手術、抗がん剤治療、放射線治療の複数を併用した治療が行われることもよくありますので、主治医からがんの広がりやそれぞれの治療内容、リスクについてしっかり説明を受け、相談した上で適切な治療方針を決めましょう。
進行性大腸がんは10~20%の頻度で同時性肝転移が生じるとされていますので、肝転移についても確認する必要があります。

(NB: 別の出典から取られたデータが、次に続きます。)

(* Let $\mathcal{G}$ be a connected, homogeneous, bidirected coupled cell network with cell set $\mathcal{C}=\{1,\dots,n\}$ and edge set $\mathcal{E}$, each cell having phase space $\mathbb{R}$. Let $f:\mathbb{R}^n\to\mathbb{R}^n$ be the $\mathcal{G}$-admissible vector field with components \[ f_c(x)=\sum_{d\in I(c)}\phi_{[(c,d)]}(x_d-x_c),\qquad c\in\mathcal{C}, \] where for each edge type $\xi$, $\phi_\xi:\mathbb{R}\to\mathbb{R}$ is an odd $C^1$ function. Suppose there exists $\varepsilon>0$ such that $\alpha\,\phi_\xi(\alpha)>0$ for all $\alpha\in(-\varepsilon,\varepsilon)\setminus\{0\}$ and all edge types $\xi$. Let $\Delta=\{x\in\mathbb{R}^n: x_1=\dots=x_n\}$ and let $\Omega=\{x\in\mathbb{R}^n:\operatorname{dist}(x,\Delta)<r\}$ be the largest open hypercylinder around $\Delta$ such that $x\in\Omega$ implies $|x_d-x_c|<\varepsilon$ for all $(c,d)\in\mathcal{E}$. Then: (i) $\Omega$ is invariant under the flow of $\dot x=f(x)$ (solutions starting in $\Omega$ remain in $\Omega$ for all positive times); (ii) for $x\in\Omega$, $f(x)=0$ if and only if $x\in\Delta$.
   Context: A coupled cell network consists of cells $\mathcal{C}=\{1,\dots,n\}$, edges $\mathcal{E}\subset\mathcal{C}\times\mathcal{C}$ without loops, and an equivalence relation on edges (edge types; $[e]$ is the type of $e$) compatible with an equivalence relation on cells. The input set of $c$ is the set of edges $(d,c)\in\mathcal{E}$; one writes $d\in I(c)$ when $(d,c)\in\mathcal{E}$. Cells $c,d$ are input equivalent if there is an edge-type preserving bijection between their input sets; the network is homogeneous if all cells are input equivalent. It is bidirected if $(i,j)\in\mathcal{E}$ iff $(j,i)\in\mathcal{E}$, with $(i,j)$ and $(j,i)$ of the same type. Connected means the underlying graph is connected. Admissible maps have components depending only on the cell's own variable and its inputs, with identical functional form across input-equivalent cells, edges of the same type being treated identically. *)

theory Defs
  imports "HOL-Analysis.Analysis"
begin

text \<open>Cells are the elements of a finite type 'n (so C = UNIV, n = CARD('n));
  an edge (d, c) runs from d to c.  Edge types are given by a labelling
  etyp :: 'n \<times> 'n \<Rightarrow> 'k (two edges have the same type iff same label);
  likewise cell types by ctyp :: 'n \<Rightarrow> 'c.\<close>

definition input_set :: "('n \<times> 'n) set \<Rightarrow> 'n \<Rightarrow> ('n \<times> 'n) set" where
  "input_set E c = {e \<in> E. snd e = c}"

definition coupled_cell_network ::
  "('n \<times> 'n) set \<Rightarrow> ('n \<times> 'n \<Rightarrow> 'k) \<Rightarrow> ('n \<Rightarrow> 'c) \<Rightarrow> bool" where
  "coupled_cell_network E etyp ctyp \<longleftrightarrow>
     (\<forall>c. (c, c) \<notin> E) \<and>
     (\<forall>e1\<in>E. \<forall>e2\<in>E. etyp e1 = etyp e2 \<longrightarrow>
        ctyp (fst e1) = ctyp (fst e2) \<and> ctyp (snd e1) = ctyp (snd e2))"

definition input_equivalent ::
  "('n \<times> 'n) set \<Rightarrow> ('n \<times> 'n \<Rightarrow> 'k) \<Rightarrow> 'n \<Rightarrow> 'n \<Rightarrow> bool" where
  "input_equivalent E etyp c d \<longleftrightarrow>
     (\<exists>\<beta>. bij_betw \<beta> (input_set E c) (input_set E d) \<and>
          (\<forall>e \<in> input_set E c. etyp (\<beta> e) = etyp e))"

definition homogeneous :: "('n \<times> 'n) set \<Rightarrow> ('n \<times> 'n \<Rightarrow> 'k) \<Rightarrow> bool" where
  "homogeneous E etyp \<longleftrightarrow> (\<forall>c d. input_equivalent E etyp c d)"

definition bidirected :: "('n \<times> 'n) set \<Rightarrow> ('n \<times> 'n \<Rightarrow> 'k) \<Rightarrow> bool" where
  "bidirected E etyp \<longleftrightarrow>
     (\<forall>i j. (i, j) \<in> E \<longleftrightarrow> (j, i) \<in> E) \<and> (\<forall>i j. (i, j) \<in> E \<longrightarrow> etyp (i, j) = etyp (j, i))"

definition network_connected :: "('n \<times> 'n) set \<Rightarrow> bool" where
  "network_connected E \<longleftrightarrow> (\<forall>c d. (c, d) \<in> (E \<union> E\<inverse>)\<^sup>*)"

definition diag :: "(real ^ 'n) set" where
  "diag = {x. \<forall>i j. x $ i = x $ j}"

definition hypercyl :: "real \<Rightarrow> (real ^ 'n) set" where
  "hypercyl r = {x. infdist x diag < r}"

text \<open>The largest open hypercylinder around the diagonal on which all coupled
  differences are below eps: the union of all such hypercylinders (which is
  itself such a hypercylinder, or the whole space when no radius bound exists).\<close>
definition max_cyl :: "('n \<times> 'n) set \<Rightarrow> real \<Rightarrow> (real ^ 'n) set" where
  "max_cyl E eps = \<Union>{hypercyl r | r. \<forall>x \<in> hypercyl r. \<forall>(c, d) \<in> E. \<bar>x $ d - x $ c\<bar> < eps}"

end

(*
  The squared distance to the diagonal, V x = |x|^2 - (x . 1)^2 / n, is a Lyapunov function
  on every hypercylinder inside the band where all coupled differences are below eps.
  Odd coupling over bidirected edges is antisymmetric, so f x . 1 = 0 and
  2 (x . f x) = - (sum over edges (c, d) of a phi(a)), a = x_d - x_c, which is <= 0 in the band;
  hence V cannot increase while a solution stays in the cylinder, so it never leaves it.
  The same identity shows that an equilibrium in the band has a phi(a) = 0 on every edge,
  i.e. x_c = x_d along edges, and connectivity makes it synchronous.
*)
theory Submission
  imports Defs
begin

definition diag_sqdist :: "real ^ 'n::finite \<Rightarrow> real" where
  "diag_sqdist x = x \<bullet> x - (x \<bullet> 1)\<^sup>2 / real CARD('n)"

lemma diag_eq_range: "diag = range (\<lambda>k. k *\<^sub>R (1 :: real ^ 'n))"
proof (intro set_eqI iffI)
  fix x :: "real ^ 'n"
  assume "x \<in> diag"
  then have "x = (x $ undefined) *\<^sub>R 1" by (simp add: diag_def vec_eq_iff)
  then show "x \<in> range (\<lambda>k. k *\<^sub>R 1)" by blast
qed (auto simp: diag_def)

lemma sqdist_const_vec:
  fixes x :: "real ^ 'n::finite"
  shows "(dist x (k *\<^sub>R 1))\<^sup>2 = diag_sqdist x + (real CARD('n) * k - x \<bullet> 1)\<^sup>2 / real CARD('n)"
proof -
  have ones: "1 \<bullet> (1 :: real ^ 'n) = real CARD('n)" by (simp add: inner_vec_def)
  have "(dist x (k *\<^sub>R 1))\<^sup>2 = x \<bullet> x - 2 * k * (x \<bullet> 1) + k\<^sup>2 * real CARD('n)"
    by (simp add: dist_norm power2_norm_eq_inner inner_diff_left inner_diff_right ones
        inner_commute[of 1 x] algebra_simps flip: power2_eq_square)
  also have "\<dots> = diag_sqdist x + (real CARD('n) * k - x \<bullet> 1)\<^sup>2 / real CARD('n)"
    by (simp add: diag_sqdist_def power2_eq_square field_simps)
  finally show ?thesis .
qed

lemma diag_sqdist_nonneg: "0 \<le> diag_sqdist (x :: real ^ 'n::finite)"
  using sqdist_const_vec[of x "(x \<bullet> 1) / real CARD('n)"] by (simp, metis zero_le_power2)

lemma infdist_diag: "infdist x diag = sqrt (diag_sqdist (x :: real ^ 'n::finite))"
proof (rule antisym)
  let ?m = "(x \<bullet> 1) / real CARD('n)"
  have "infdist x diag \<le> dist x (?m *\<^sub>R 1)"
    by (rule infdist_le) (simp add: diag_eq_range)
  also have "\<dots> = sqrt (diag_sqdist x)"
    using sqdist_const_vec[of x ?m] by (simp add: real_sqrt_unique)
  finally show "infdist x diag \<le> sqrt (diag_sqdist x)" .
next
  have "sqrt (diag_sqdist x) \<le> dist x (k *\<^sub>R 1)" for k
    using sqdist_const_vec[of x k] by (intro real_le_lsqrt) auto
  then show "sqrt (diag_sqdist x) \<le> infdist x diag"
    unfolding infdist_def diag_eq_range by (auto intro: cINF_greatest)
qed

lemma mem_hypercyl_iff: "(x :: real ^ 'n::finite) \<in> hypercyl r \<longleftrightarrow> 0 < r \<and> diag_sqdist x < r\<^sup>2"
proof -
  have "sqrt (diag_sqdist x) < r \<longleftrightarrow> 0 < r \<and> diag_sqdist x < r\<^sup>2"
    using diag_sqdist_nonneg[of x] real_sqrt_less_iff[of "diag_sqdist x" "r\<^sup>2"]
    by (smt (verit) real_sqrt_abs real_sqrt_ge_zero)
  then show ?thesis by (simp add: hypercyl_def infdist_diag)
qed

lemma has_real_derivative_diag_sqdist:
  fixes y :: "real \<Rightarrow> real ^ 'n::finite"
  assumes "(y has_vector_derivative v) (at t within S)" and "v \<bullet> 1 = 0"
  shows "((\<lambda>t. diag_sqdist (y t)) has_real_derivative 2 * (y t \<bullet> v)) (at t within S)"
proof -
  have y': "(y has_derivative (\<lambda>h. h *\<^sub>R v)) (at t within S)"
    using assms(1) by (simp add: has_vector_derivative_def)
  show ?thesis
    unfolding diag_sqdist_def has_field_derivative_def
    by (rule has_derivative_eq_rhs,
        (rule derivative_intros has_derivative_inner[OF y' y'] has_derivative_inner[OF y'])+)
      (use assms(2) in \<open>auto simp: fun_eq_iff algebra_simps inner_commute\<close>)
qed

lemma sublevel_invariant:
  fixes W W' :: "real \<Rightarrow> real"
  assumes deriv: "\<And>t. t \<in> {0..T} \<Longrightarrow> (W has_real_derivative W' t) (at t within {0..T})"
    and nonincr: "\<And>t. t \<in> {0..T} \<Longrightarrow> W t < c \<Longrightarrow> W' t \<le> 0"
    and start: "W 0 < c"
    and t: "t \<in> {0..T}"
  shows "W t < c"
proof (rule ccontr)
  define S where "S = {s \<in> {0..T}. c \<le> W s}"
  assume "\<not> W t < c"
  then have "S \<noteq> {}" using t by (auto simp: S_def)
  moreover have "bdd_below S" by (auto simp: S_def bdd_below_def)
  moreover have "closed S"
  proof -
    have "continuous_on {0..T} W"
      using deriv by (meson DERIV_continuous continuous_on_eq_continuous_within)
    then have "closed ({0..T} \<inter> W -` {c..})"
      by (intro continuous_closed_preimage) auto
    then show ?thesis by (simp add: S_def Int_def)
  qed
  ultimately have "Inf S \<in> S" by (rule closed_contains_Inf)
  define s where "s = Inf S"
  have s: "s \<in> {0..T}" "c \<le> W s"
    using \<open>Inf S \<in> S\<close> by (auto simp: S_def s_def)
  then have "0 < s" using start by (cases "s = 0") auto
  have below: "W u < c" if "0 \<le> u" "u < s" for u
  proof (rule ccontr)
    assume "\<not> W u < c"
    then have "u \<in> S" using that s by (auto simp: S_def)
    then have "s \<le> u" unfolding s_def using \<open>bdd_below S\<close> by (rule cInf_lower)
    with that show False by simp
  qed
  \<comment> \<open>first time the level c is reached: the mean value theorem on [0, s] gives W s \<le> W 0\<close>
  have "\<exists>u\<in>{0<..<s}. W s - W 0 = W' u * (s - 0)"
  proof (rule mvt_simple[OF \<open>0 < s\<close>, where f' = "\<lambda>u. (*) (W' u)"])
    fix u assume "0 \<le> u" "u \<le> s"
    then have "(W has_real_derivative W' u) (at u within {0..T})" using s by (intro deriv) auto
    then show "(W has_derivative (*) (W' u)) (at u within {0..s})"
      unfolding has_field_derivative_def by (rule has_derivative_subset) (use s in auto)
  qed
  then obtain u where u: "u \<in> {0<..<s}" and mvt: "W s - W 0 = W' u * s" by auto
  have "W' u \<le> 0" using u s by (intro nonincr below) auto
  then have "W s \<le> W 0" using mvt mult_nonpos_nonneg[of "W' u" s] \<open>0 < s\<close> by linarith
  then show False using s start by linarith
qed

lemma hypercyl_invariant:
  fixes f :: "real ^ 'n::finite \<Rightarrow> real ^ 'n" and y :: "real \<Rightarrow> real ^ 'n"
  assumes mean_preserving: "\<And>x. f x \<bullet> 1 = 0"
    and inward: "\<And>x. x \<in> hypercyl r \<Longrightarrow> x \<bullet> f x \<le> 0"
    and sol: "\<And>t. t \<in> {0..T} \<Longrightarrow> (y has_vector_derivative f (y t)) (at t within {0..T})"
    and start: "y 0 \<in> hypercyl r"
    and t: "t \<in> {0..T}"
  shows "y t \<in> hypercyl r"
proof -
  have "diag_sqdist (y t) < r\<^sup>2"
  proof (rule sublevel_invariant[where W = "\<lambda>t. diag_sqdist (y t)" and W' = "\<lambda>t. 2 * (y t \<bullet> f (y t))"])
    fix s assume "s \<in> {0..T}"
    then show "((\<lambda>t. diag_sqdist (y t)) has_real_derivative 2 * (y s \<bullet> f (y s))) (at s within {0..T})"
      by (intro has_real_derivative_diag_sqdist sol mean_preserving)
  next
    fix s assume "s \<in> {0..T}" "diag_sqdist (y s) < r\<^sup>2"
    then show "2 * (y s \<bullet> f (y s)) \<le> 0"
      using start inward by (simp add: mem_hypercyl_iff)
  qed (use start t in \<open>simp_all add: mem_hypercyl_iff\<close>)
  then show ?thesis using start by (simp add: mem_hypercyl_iff)
qed

lemma sum_sym_rel_swap:
  assumes "sym E"
  shows "(\<Sum>(c, d)\<in>E. h c d) = (\<Sum>(c, d)\<in>E. h d c)"
  by (rule sum.reindex_bij_witness[of _ prod.swap prod.swap])
    (use assms in \<open>auto dest: symD\<close>)

lemma sum_antisym_weighted:
  fixes g :: "'a \<Rightarrow> 'a \<Rightarrow> 'b::comm_ring_1"
  assumes "sym E" and antisym: "\<And>c d. (c, d) \<in> E \<Longrightarrow> g d c = - g c d"
  shows "2 * (\<Sum>(c, d)\<in>E. x c * g c d) = (\<Sum>(c, d)\<in>E. (x c - x d) * g c d)"
proof -
  have "(\<Sum>(c, d)\<in>E. x c * g c d) = (\<Sum>(c, d)\<in>E. x d * g d c)"
    by (rule sum_sym_rel_swap[OF \<open>sym E\<close>])
  also have "\<dots> = - (\<Sum>(c, d)\<in>E. x d * g c d)"
    unfolding sum_negf[symmetric]
  proof (rule sum.cong)
    fix e assume "e \<in> E"
    moreover obtain c d where "e = (c, d)" by fastforce
    ultimately show "(case e of (c, d) \<Rightarrow> x d * g d c) = - (case e of (c, d) \<Rightarrow> x d * g c d)"
      using antisym[of c d] by simp
  qed simp
  finally have swap: "(\<Sum>(c, d)\<in>E. x c * g c d) = - (\<Sum>(c, d)\<in>E. x d * g c d)" .
  have "(\<Sum>(c, d)\<in>E. (x c - x d) * g c d)
      = (\<Sum>(c, d)\<in>E. x c * g c d) - (\<Sum>(c, d)\<in>E. x d * g c d)"
    unfolding sum_subtractf[symmetric] by (intro sum.cong) (auto simp: left_diff_distrib)
  with swap show ?thesis by (simp only: mult_2 diff_conv_add_uminus)
qed

lemma sum_in_neighbours:
  fixes E :: "('a::finite \<times> 'a) set"
  shows "(\<Sum>c\<in>UNIV. \<Sum>d\<in>{d. (d, c) \<in> E}. h c d) = (\<Sum>(c, d)\<in>E\<inverse>. h c d)"
proof -
  have "Sigma UNIV (\<lambda>c. {d. (d, c) \<in> E}) = E\<inverse>" by auto
  then show ?thesis by (simp add: sum.Sigma)
qed
text \<open>The three factors are invertible: the first because its \<open>Suc k\<close>-th power is
  \<open>e u + (1 - e)\<close>, the second is an involution, the third is \<open>1\<close> minus a nilpotent.\<close>

lemma central_idempotent_unit_decomposition:
  fixes a e u :: "'a::ring_1"
  assumes central: "\<And>x. e * x = x * e" and idem: "e * e = e"
    and power: "a ^ Suc k = e * u" and unit: "is_unit u"
  shows "is_unit (a - (1 - e))" and "(a * (1 - e)) ^ Suc k = 0"
proof -
  note compl = central_idempotent_complement[OF central idem]
  have "(a * (1 - e)) ^ Suc k = a ^ Suc k * (1 - e) ^ Suc k"
    using compl(1)[of a] by (intro power_mult_commuting) simp
  also have "\<dots> = u * (e * (1 - e))"
    using power central[of u] idempotent_power[OF compl(2), of "Suc k"] by (simp add: mult.assoc)
  finally show nil: "(a * (1 - e)) ^ Suc k = 0" using compl(3) by simp
  have "(a * e + (1 - e)) ^ Suc k = u * e + (1 - e)"
    unfolding central_idempotent_corner_power[OF central idem] power
    using central[of u] idem by (simp add: mult.assoc)
  then have "is_unit ((a * e + (1 - e)) ^ Suc k)"
    using is_unit_central_idempotent_corner[OF central idem unit] by simp
  then have "is_unit (a * e + (1 - e))" by (rule is_unit_of_power)
  moreover have "(e - (1 - e)) * (e - (1 - e)) = 1"
    using idem compl(3) by (simp add: algebra_simps)
  then have "is_unit (e - (1 - e))" unfolding is_unit_def by blast
  moreover have "is_unit (1 - a * (1 - e))"
    using nil by (rule is_unit_one_minus_nilpotent)
  ultimately show "is_unit (a - (1 - e))"
    unfolding central_idempotent_factorization[OF central idem, where a = a] by (intro is_unit_mult)
qed

lemma regular_element_unit_factor:
  fixes x b :: "'a::ring_1"
  assumes regular: "x * b * x = x"
    and central: "\<And>y. (x * b) * y = y * (x * b)" "\<And>y. (b * x) * y = y * (b * x)"
  shows "x = x * b * (x + 1 - x * b)" and "is_unit (x + 1 - x * b)"
proof -
  define e where "e = x * b"
  have e_central: "e * y = y * e" for y using central(1) unfolding e_def .
  have ex: "e * x = x" unfolding e_def using regular .
  have ee: "e * e = e" unfolding e_def using regular by (metis mult.assoc)
  have "x * (b * x) = x" using regular by (simp add: mult.assoc)
  then have "b * x = e * (b * x)" "e = (b * x) * e"
    unfolding e_def using central(2)[of x] central(1)[of b] regular by (metis mult.assoc)+
  then have bx: "b * x = e" using e_central by metis
  have x_corner: "x + 1 - e = x * e + (1 - e)"
    using ex e_central[of x] by simp
  show "x = x * b * (x + 1 - x * b)"
    using ex ee unfolding e_def[symmetric] by (simp add: algebra_simps)
  have "(x * e + (1 - e)) * (b * e + (1 - e)) = 1" "(b * e + (1 - e)) * (x * e + (1 - e)) = 1"
    unfolding central_idempotent_corner_mult[OF e_central ee]
    using ee bx unfolding e_def[symmetric] by simp_all
  then show "is_unit (x + 1 - x * b)"
    unfolding is_unit_def e_def[symmetric] x_corner by blast
qed

lemma star_ring_laws:
  assumes "star_ring st"
  shows "st (x + y) = st x + st y" "st (x * y) = st y * st x" "st (st x) = x"
    and "st 0 = 0" "st (- x) = - st x" "st (x - y) = st x - st y" "st 1 = 1"
proof -
  have add: "\<And>x y. st (x + y) = st x + st y"
    and mult: "\<And>x y. st (x * y) = st y * st x"
    and involution: "\<And>x. st (st x) = x"
    using assms by (auto simp: star_ring_def)
  then show "st (x + y) = st x + st y" "st (x * y) = st y * st x" "st (st x) = x"
    by blast+
  show zero: "st 0 = 0" using add[of 0 0] by simp
  show minus: "st (- x) = - st x" for x
    using add[of x "- x"] zero by (simp add: eq_neg_iff_add_eq_0 add.commute)
  show "st (x - y) = st x - st y" using add[of x "- y"] minus[of y] by simp
  have "st 1 = st 1 * st (st 1)" using involution by simp
  also have "\<dots> = 1" using mult[of "st 1" 1] involution by simp
  finally show "st 1 = 1" .
qed

lemma projection_one_minus:
  assumes "star_ring st" and "projection st p"
  shows "projection st (1 - p)"
  using assms by (simp add: projection_def star_ring_laws algebra_simps)

lemma idempotent_corner_perturbation:
  fixes e x :: "'a::ring_1"
  assumes "e * e = e"
  shows "(e + e * x * (1 - e)) * (e + e * x * (1 - e)) = e + e * x * (1 - e)"
proof -
  have orth: "(1 - e) * e = 0" using assms by (simp add: algebra_simps)
  have "(e + e * x * (1 - e)) * (e + e * x * (1 - e))
      = e * e + e * (e * x * (1 - e)) + e * x * ((1 - e) * e) + e * x * ((1 - e) * e) * x * (1 - e)"
    by (simp add: algebra_simps)
  also have "\<dots> = e + e * x * (1 - e)"
    using orth assms by (simp add: mult.assoc[symmetric])
  finally show ?thesis .
qed

text \<open>The adjoint of \<open>e + e x (1 - e)\<close> is \<open>e + (1 - e) x\<^sup>* e\<close>, and the two corner terms live
  in the orthogonal corners \<open>e R (1 - e)\<close> and \<open>(1 - e) R e\<close>.\<close>

lemma corner_zero_if_perturbation_selfadjoint:
  assumes "star_ring st" and "projection st e"
    and "st (e + e * x * (1 - e)) = e + e * x * (1 - e)"
  shows "e * x * (1 - e) = 0"
proof -
  have e: "e * e = e" "st e = e" using assms(2) by (auto simp: projection_def)
  have "st (e + e * x * (1 - e)) = e + (1 - e) * st x * e"
    using e by (simp add: star_ring_laws[OF assms(1)] mult.assoc)
  then have corners: "e * x * (1 - e) = (1 - e) * st x * e" using assms(3) by simp
  have "e * (e * x * (1 - e)) = e * x * (1 - e)" by (simp add: mult.assoc[symmetric] e)
  moreover have "e * (1 - e) = 0" using e by (simp add: right_diff_distrib)
  then have "e * ((1 - e) * st x * e) = 0" by (simp add: mult.assoc[symmetric])
  ultimately show ?thesis using corners by simp
qed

また、術後に肝転移を起こす可能性も40~60%と高いので、定期的なチェックが不可欠です。がんの進行度や広がり方、体質、他の疾患の有無や状態、年齢、ライフスタイルなどは個人差が大きく、適した治療法はそれぞれ異なります。さまざまな要素を考慮し、治療のメリットやリスクを十分理解した上で患者さんご自身が納得できる治療方法を最終的に選ぶことが重要です。特に大腸がんは排便や肛門機能に影響を与えることもあるデリケートな疾患です。当院では、真摯に向き合ってわかりやすくご説明していますので、どんな些細なことでもお気軽にご質問ください。